WORK TO COMPLETE: Here is the task for the records below: repeat exactly the lines from the one with "i) = b) \<longleftrightarrow>" to the one with "norm b \<le> sum q I \<and>", both included, and nothing else.
** RECORDS SUPPLIED follows **
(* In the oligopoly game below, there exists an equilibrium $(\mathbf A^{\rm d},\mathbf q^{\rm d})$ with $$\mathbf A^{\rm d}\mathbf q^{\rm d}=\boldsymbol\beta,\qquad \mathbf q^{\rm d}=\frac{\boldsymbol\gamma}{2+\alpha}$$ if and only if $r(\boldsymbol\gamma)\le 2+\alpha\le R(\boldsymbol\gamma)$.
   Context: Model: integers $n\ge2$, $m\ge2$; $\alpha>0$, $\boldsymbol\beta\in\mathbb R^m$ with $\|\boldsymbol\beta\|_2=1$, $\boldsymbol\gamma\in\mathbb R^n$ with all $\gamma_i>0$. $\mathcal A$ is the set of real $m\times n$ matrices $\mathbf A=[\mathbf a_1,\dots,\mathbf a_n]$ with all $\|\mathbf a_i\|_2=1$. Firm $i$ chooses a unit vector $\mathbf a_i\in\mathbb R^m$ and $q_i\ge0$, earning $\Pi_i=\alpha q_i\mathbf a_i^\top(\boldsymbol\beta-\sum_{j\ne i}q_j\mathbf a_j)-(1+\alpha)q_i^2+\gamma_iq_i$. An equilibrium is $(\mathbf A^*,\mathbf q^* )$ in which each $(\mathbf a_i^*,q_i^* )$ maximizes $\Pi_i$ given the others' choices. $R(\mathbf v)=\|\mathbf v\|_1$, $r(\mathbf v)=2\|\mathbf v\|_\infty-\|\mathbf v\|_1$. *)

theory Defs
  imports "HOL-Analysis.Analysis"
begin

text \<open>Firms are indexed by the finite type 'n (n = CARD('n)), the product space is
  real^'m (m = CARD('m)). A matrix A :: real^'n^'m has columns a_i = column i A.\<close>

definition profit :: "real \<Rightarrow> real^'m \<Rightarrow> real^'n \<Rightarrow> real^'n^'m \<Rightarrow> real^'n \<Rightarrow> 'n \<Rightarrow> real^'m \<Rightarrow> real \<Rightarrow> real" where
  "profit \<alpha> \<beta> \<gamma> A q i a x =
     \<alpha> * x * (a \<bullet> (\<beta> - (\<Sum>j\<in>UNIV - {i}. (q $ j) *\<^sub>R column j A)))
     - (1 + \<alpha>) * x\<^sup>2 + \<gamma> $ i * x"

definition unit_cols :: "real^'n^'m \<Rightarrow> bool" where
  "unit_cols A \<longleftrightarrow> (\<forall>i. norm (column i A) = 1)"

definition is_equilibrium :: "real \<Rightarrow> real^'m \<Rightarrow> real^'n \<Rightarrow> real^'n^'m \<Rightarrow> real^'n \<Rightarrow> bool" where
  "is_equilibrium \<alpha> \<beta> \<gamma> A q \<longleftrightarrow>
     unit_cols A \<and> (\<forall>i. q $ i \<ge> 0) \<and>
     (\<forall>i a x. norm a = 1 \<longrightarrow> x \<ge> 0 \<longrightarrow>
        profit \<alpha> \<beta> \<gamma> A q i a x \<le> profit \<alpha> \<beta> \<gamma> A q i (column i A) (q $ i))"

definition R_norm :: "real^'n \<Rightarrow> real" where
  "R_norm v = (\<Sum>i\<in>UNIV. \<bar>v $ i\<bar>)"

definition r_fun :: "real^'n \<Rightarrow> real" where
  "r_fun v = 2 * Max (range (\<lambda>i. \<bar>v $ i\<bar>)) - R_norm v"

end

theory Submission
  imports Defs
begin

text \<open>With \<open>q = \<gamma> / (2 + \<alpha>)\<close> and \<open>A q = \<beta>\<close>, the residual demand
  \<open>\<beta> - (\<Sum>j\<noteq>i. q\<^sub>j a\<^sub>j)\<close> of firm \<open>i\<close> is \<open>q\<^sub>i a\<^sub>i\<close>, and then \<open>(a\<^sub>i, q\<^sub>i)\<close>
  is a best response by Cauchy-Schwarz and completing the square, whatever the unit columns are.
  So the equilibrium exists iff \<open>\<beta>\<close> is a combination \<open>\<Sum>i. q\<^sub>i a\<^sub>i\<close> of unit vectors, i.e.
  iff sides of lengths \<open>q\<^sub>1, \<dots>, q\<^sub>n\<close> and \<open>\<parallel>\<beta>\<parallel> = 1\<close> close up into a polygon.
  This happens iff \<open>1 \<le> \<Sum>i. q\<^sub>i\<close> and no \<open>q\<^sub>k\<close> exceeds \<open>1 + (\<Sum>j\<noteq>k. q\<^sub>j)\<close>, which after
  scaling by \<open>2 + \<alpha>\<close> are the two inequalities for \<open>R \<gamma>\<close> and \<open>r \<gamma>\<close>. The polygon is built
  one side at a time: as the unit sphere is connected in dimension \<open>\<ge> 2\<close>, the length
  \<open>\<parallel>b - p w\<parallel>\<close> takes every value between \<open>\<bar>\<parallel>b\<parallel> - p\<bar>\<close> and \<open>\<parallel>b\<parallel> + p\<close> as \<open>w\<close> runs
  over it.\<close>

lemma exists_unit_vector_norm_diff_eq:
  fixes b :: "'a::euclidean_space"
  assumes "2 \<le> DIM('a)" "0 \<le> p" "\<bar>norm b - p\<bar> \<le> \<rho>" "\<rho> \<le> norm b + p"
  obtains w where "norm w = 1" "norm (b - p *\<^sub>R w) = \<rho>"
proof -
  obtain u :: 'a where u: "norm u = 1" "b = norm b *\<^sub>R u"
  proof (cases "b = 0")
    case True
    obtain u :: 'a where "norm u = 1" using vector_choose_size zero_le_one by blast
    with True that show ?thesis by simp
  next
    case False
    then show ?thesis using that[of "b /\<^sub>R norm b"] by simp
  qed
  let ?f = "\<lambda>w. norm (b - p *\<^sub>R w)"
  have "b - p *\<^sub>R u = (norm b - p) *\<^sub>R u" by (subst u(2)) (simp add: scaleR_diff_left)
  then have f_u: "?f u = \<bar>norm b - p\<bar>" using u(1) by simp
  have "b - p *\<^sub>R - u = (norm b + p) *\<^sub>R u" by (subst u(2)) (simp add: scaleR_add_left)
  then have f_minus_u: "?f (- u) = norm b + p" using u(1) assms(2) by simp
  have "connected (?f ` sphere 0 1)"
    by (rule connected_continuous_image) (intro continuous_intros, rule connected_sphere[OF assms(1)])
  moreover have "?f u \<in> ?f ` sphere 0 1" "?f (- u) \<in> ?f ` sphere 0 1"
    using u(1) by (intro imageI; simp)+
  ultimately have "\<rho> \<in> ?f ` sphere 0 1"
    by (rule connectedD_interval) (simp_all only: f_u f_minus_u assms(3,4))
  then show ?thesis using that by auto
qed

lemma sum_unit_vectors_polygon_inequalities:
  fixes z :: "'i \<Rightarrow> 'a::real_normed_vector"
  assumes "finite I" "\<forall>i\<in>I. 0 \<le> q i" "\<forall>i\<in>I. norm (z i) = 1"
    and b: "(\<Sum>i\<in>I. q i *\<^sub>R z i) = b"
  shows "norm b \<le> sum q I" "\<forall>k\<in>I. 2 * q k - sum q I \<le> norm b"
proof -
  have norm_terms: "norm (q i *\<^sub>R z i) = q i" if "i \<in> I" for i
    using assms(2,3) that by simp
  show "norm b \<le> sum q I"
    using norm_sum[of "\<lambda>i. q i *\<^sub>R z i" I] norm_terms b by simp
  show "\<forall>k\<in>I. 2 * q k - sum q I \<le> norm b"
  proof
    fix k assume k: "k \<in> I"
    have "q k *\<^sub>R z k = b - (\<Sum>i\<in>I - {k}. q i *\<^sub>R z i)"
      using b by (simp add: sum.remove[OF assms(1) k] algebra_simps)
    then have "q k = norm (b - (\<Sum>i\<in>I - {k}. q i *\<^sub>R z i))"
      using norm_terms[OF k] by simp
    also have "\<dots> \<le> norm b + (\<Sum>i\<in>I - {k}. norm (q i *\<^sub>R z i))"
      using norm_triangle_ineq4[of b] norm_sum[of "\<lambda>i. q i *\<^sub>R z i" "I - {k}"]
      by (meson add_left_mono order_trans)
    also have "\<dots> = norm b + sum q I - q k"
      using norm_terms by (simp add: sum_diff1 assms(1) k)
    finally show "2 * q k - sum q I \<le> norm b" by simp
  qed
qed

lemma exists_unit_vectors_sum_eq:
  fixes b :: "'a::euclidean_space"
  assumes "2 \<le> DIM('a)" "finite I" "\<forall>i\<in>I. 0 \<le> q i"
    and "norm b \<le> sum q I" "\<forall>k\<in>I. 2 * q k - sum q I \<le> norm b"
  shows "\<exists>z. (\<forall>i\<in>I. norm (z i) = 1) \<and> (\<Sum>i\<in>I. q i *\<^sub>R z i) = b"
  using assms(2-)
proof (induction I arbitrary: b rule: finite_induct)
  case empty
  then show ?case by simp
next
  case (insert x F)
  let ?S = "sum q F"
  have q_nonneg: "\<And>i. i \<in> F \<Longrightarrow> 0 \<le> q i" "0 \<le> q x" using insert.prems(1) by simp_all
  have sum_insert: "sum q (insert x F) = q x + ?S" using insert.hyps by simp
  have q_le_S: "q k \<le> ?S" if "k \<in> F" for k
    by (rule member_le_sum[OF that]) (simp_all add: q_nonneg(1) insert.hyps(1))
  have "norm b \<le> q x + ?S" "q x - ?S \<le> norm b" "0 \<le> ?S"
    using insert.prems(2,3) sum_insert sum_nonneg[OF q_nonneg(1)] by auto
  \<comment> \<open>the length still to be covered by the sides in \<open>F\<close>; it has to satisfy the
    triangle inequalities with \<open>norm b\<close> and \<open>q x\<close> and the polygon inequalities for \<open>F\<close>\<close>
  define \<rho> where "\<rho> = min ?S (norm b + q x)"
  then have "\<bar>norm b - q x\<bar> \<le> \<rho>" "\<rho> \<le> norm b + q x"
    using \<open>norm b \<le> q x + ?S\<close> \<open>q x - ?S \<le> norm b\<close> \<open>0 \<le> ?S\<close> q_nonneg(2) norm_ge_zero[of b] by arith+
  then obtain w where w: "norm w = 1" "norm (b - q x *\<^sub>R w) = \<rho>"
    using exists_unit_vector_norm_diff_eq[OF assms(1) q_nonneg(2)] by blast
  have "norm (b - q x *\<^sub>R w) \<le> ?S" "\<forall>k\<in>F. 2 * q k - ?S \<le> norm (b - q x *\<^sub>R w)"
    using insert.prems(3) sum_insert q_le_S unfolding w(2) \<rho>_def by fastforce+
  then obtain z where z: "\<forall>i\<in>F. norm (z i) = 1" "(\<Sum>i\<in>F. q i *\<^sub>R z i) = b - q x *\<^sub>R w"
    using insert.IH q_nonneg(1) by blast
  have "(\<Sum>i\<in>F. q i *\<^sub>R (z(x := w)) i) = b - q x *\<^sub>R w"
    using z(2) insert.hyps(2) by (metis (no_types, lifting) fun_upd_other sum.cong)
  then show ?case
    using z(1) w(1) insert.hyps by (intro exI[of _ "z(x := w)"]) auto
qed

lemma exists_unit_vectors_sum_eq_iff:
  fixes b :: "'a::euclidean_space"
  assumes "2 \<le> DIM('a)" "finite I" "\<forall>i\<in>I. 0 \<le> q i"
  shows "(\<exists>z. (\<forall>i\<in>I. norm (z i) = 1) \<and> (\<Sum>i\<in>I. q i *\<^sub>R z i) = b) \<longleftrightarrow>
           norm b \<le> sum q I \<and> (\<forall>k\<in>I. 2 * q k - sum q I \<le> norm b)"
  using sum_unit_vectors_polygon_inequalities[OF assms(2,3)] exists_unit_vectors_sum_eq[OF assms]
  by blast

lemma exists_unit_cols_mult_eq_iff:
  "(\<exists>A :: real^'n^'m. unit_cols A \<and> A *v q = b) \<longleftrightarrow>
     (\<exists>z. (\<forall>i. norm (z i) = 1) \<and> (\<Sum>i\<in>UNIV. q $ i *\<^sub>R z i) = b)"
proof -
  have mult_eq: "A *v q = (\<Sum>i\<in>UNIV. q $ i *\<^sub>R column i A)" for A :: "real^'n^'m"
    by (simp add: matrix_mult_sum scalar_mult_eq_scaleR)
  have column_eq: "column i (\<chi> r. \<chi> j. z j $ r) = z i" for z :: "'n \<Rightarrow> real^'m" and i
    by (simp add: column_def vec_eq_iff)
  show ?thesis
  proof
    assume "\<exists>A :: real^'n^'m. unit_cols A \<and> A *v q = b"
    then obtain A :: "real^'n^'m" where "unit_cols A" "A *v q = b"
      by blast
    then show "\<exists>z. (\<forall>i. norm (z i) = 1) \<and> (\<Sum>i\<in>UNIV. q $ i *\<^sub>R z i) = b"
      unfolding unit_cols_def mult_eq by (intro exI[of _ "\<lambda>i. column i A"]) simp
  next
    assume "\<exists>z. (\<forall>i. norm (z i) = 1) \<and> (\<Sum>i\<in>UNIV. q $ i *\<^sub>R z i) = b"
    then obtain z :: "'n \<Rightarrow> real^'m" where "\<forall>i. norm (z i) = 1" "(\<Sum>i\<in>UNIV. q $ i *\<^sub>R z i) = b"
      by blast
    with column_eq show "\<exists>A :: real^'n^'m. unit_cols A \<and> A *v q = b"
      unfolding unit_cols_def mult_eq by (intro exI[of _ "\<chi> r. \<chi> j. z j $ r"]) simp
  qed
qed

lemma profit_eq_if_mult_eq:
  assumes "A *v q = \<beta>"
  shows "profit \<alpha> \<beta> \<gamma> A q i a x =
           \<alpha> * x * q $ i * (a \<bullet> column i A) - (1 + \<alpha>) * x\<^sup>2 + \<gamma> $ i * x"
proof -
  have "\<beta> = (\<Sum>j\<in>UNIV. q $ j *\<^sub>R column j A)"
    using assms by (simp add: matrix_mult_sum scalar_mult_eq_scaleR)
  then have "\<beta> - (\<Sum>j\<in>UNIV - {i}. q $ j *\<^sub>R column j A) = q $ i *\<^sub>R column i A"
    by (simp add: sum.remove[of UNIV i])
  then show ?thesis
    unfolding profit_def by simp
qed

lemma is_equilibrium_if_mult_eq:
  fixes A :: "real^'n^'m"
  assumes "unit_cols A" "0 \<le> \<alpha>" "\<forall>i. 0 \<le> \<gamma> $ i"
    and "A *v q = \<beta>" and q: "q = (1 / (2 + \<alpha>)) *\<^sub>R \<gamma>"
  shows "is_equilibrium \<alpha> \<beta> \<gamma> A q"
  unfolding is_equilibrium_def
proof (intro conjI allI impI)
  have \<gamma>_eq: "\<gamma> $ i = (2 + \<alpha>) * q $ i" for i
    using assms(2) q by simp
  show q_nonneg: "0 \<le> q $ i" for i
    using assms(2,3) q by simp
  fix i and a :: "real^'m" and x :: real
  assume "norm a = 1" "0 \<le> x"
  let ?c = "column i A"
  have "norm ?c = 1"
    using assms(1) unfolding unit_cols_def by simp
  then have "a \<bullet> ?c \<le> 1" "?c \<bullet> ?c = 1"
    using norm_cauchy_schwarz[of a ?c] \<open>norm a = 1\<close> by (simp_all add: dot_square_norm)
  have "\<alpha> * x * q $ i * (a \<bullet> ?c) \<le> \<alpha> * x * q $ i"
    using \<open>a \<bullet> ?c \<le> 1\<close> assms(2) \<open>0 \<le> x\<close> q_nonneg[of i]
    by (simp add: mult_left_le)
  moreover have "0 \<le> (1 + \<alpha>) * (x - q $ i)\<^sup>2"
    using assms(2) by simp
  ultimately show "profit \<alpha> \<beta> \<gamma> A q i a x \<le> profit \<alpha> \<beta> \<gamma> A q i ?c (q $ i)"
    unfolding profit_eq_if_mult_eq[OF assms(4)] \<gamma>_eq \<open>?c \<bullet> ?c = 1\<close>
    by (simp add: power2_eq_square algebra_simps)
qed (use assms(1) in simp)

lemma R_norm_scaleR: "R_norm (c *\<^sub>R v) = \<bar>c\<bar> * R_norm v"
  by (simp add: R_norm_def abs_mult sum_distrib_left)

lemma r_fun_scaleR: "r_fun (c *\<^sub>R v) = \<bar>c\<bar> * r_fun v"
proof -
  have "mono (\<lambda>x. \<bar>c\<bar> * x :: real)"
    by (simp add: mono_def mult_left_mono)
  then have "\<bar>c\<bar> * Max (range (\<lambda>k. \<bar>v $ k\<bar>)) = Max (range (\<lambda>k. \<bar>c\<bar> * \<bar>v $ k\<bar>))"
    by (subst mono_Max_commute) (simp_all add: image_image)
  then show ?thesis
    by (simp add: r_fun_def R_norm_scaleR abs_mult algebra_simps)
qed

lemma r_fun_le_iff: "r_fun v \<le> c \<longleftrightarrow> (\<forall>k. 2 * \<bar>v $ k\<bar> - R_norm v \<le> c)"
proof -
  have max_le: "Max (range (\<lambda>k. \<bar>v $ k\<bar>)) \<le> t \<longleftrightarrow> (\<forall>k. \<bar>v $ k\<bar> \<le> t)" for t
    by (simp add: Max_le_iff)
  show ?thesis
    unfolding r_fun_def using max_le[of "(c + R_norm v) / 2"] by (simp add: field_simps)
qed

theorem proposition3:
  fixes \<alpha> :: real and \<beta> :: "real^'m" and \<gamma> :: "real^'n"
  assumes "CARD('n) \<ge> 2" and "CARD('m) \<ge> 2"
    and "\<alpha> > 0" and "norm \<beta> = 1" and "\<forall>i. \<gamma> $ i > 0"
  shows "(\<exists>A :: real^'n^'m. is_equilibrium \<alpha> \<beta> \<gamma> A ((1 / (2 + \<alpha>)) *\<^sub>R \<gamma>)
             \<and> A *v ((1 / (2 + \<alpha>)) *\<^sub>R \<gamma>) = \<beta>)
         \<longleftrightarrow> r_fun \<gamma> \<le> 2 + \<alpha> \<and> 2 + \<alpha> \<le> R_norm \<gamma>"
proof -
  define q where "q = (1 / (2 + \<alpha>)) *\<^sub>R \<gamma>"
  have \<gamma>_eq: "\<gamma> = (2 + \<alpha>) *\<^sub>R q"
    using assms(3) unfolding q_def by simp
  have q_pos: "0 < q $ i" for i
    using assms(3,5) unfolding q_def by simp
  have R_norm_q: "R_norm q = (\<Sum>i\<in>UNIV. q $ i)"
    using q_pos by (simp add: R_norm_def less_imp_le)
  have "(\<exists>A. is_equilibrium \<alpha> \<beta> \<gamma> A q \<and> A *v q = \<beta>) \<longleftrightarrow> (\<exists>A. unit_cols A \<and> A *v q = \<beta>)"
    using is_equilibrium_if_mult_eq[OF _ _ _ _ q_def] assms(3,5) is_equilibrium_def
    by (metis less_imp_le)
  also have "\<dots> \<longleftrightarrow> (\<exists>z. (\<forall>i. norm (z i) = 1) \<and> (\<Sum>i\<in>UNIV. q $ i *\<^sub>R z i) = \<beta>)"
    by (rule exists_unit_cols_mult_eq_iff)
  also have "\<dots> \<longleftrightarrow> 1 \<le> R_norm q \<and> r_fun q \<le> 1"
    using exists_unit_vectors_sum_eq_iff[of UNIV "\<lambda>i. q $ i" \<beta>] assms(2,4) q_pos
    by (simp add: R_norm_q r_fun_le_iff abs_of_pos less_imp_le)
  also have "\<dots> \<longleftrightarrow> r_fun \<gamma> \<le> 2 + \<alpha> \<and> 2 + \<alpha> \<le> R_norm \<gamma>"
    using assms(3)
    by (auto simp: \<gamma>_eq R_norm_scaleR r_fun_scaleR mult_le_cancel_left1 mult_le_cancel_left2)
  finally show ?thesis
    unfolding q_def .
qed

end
** End of RECORDS SUPPLIED **
WORKED SOLUTION:
  shows "(\<exists>z. (\<forall>i\<in>I. norm (z i) = 1) \<and> (\<Sum>i\<in>I. q i *\<^sub>R z i) = b) \<longleftrightarrow>
           norm b \<le> sum q I \<and> (\<forall>k\<in>I. 2 * q k - sum q I \<le> norm b)"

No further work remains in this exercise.